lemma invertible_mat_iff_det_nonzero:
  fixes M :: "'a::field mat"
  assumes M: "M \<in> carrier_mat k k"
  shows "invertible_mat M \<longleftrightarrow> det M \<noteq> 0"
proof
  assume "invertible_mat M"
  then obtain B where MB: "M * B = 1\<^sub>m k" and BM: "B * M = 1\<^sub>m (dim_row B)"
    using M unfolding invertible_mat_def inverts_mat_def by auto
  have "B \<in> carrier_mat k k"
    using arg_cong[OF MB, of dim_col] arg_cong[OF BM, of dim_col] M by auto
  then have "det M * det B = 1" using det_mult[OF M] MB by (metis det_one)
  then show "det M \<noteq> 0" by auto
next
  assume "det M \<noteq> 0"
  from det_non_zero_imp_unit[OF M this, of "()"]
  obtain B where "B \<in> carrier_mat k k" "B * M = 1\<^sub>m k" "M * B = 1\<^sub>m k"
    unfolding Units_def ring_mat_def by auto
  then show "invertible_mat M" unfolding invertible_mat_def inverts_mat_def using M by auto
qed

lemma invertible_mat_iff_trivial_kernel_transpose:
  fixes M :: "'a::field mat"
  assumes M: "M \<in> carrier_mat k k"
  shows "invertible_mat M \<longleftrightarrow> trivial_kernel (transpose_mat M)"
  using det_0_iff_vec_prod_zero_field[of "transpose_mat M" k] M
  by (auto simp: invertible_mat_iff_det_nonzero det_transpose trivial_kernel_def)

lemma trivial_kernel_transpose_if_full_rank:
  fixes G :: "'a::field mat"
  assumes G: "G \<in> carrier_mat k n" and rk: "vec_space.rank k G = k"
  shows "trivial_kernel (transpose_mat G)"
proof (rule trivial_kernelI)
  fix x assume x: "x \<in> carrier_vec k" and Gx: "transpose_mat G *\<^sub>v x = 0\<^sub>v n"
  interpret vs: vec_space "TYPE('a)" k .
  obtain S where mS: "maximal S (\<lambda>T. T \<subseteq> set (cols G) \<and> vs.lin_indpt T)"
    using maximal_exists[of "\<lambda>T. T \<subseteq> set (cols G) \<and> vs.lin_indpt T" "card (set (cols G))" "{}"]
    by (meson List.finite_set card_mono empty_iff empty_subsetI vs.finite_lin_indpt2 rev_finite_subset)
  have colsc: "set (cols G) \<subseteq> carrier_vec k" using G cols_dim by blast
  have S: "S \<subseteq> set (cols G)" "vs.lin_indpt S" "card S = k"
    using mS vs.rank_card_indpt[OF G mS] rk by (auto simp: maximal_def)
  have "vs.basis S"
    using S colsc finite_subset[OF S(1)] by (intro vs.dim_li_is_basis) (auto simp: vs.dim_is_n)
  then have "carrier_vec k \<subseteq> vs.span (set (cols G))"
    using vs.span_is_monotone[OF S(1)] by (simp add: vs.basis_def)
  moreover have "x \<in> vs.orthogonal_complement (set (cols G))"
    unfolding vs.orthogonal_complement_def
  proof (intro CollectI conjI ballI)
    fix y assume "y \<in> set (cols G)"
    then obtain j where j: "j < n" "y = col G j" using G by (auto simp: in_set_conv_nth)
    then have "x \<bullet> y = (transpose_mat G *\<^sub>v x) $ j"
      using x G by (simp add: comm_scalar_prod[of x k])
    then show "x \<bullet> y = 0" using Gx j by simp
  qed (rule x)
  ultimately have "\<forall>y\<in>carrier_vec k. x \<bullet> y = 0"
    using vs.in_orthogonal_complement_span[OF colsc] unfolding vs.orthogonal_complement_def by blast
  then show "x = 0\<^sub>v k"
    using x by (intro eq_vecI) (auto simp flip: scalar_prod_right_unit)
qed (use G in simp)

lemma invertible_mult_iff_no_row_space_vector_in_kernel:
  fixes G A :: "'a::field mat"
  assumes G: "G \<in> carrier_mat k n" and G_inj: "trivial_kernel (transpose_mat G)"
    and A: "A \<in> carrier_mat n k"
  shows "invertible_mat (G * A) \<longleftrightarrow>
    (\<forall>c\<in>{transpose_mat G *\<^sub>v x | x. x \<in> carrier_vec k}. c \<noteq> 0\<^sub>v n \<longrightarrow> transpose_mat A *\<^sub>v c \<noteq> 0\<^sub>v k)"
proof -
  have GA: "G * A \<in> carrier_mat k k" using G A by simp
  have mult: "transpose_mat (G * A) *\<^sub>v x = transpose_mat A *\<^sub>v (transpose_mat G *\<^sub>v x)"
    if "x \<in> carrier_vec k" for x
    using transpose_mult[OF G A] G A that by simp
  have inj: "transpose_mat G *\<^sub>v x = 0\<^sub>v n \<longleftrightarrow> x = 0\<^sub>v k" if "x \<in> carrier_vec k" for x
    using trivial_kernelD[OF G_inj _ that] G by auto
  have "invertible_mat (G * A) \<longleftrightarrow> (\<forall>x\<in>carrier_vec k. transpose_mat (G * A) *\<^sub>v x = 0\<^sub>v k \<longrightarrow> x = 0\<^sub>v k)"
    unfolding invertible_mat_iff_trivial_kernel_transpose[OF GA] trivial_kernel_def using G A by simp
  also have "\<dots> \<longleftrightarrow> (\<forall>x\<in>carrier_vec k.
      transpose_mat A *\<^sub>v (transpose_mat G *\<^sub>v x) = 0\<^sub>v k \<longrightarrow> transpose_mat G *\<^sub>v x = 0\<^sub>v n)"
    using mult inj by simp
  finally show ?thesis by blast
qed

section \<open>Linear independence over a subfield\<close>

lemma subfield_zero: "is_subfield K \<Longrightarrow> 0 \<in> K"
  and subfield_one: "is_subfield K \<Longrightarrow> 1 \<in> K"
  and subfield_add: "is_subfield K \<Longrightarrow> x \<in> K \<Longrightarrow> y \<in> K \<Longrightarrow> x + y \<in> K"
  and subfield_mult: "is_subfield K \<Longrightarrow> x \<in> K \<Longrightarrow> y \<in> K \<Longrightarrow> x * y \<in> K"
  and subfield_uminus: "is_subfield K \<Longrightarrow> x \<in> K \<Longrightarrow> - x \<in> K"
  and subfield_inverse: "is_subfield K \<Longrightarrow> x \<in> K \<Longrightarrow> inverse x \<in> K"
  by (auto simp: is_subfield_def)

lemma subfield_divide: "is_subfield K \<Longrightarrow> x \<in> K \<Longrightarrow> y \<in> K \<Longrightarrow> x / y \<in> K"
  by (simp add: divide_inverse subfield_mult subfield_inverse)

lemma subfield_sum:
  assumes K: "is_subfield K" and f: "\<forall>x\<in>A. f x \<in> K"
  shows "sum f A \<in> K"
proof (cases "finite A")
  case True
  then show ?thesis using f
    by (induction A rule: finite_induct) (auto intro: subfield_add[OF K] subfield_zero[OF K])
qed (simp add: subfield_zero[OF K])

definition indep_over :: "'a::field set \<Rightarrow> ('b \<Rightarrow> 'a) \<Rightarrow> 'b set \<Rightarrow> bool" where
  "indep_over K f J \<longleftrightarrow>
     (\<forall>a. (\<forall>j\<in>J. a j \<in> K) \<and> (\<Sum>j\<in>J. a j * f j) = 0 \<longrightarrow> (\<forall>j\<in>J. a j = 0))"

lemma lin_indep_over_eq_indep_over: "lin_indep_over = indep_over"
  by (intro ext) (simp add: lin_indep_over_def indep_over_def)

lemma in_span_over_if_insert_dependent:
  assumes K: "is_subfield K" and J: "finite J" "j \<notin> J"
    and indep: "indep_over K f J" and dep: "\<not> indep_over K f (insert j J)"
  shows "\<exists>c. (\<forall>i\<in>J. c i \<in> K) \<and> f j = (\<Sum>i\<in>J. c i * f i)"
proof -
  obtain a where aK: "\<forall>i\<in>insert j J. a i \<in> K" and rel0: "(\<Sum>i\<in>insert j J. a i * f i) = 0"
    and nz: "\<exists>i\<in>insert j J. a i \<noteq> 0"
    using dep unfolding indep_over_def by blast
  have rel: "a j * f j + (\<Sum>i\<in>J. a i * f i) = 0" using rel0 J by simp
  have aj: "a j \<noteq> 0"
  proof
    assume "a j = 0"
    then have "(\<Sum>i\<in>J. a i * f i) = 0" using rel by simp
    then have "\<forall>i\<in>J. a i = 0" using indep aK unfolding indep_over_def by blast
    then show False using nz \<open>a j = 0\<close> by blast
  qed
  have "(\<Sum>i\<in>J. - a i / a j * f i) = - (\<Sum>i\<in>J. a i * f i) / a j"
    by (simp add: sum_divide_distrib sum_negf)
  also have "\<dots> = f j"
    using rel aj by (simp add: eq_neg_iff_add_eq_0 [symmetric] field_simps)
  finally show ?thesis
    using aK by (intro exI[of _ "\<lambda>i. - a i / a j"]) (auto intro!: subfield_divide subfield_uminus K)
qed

*INSTRUCTIONS FOR THE TASK*
Track down every line of the material containing the string "thesis", and copy it.

*OUTPUT*
  finally show ?thesis by blast
  then show ?thesis using f
  finally show ?thesis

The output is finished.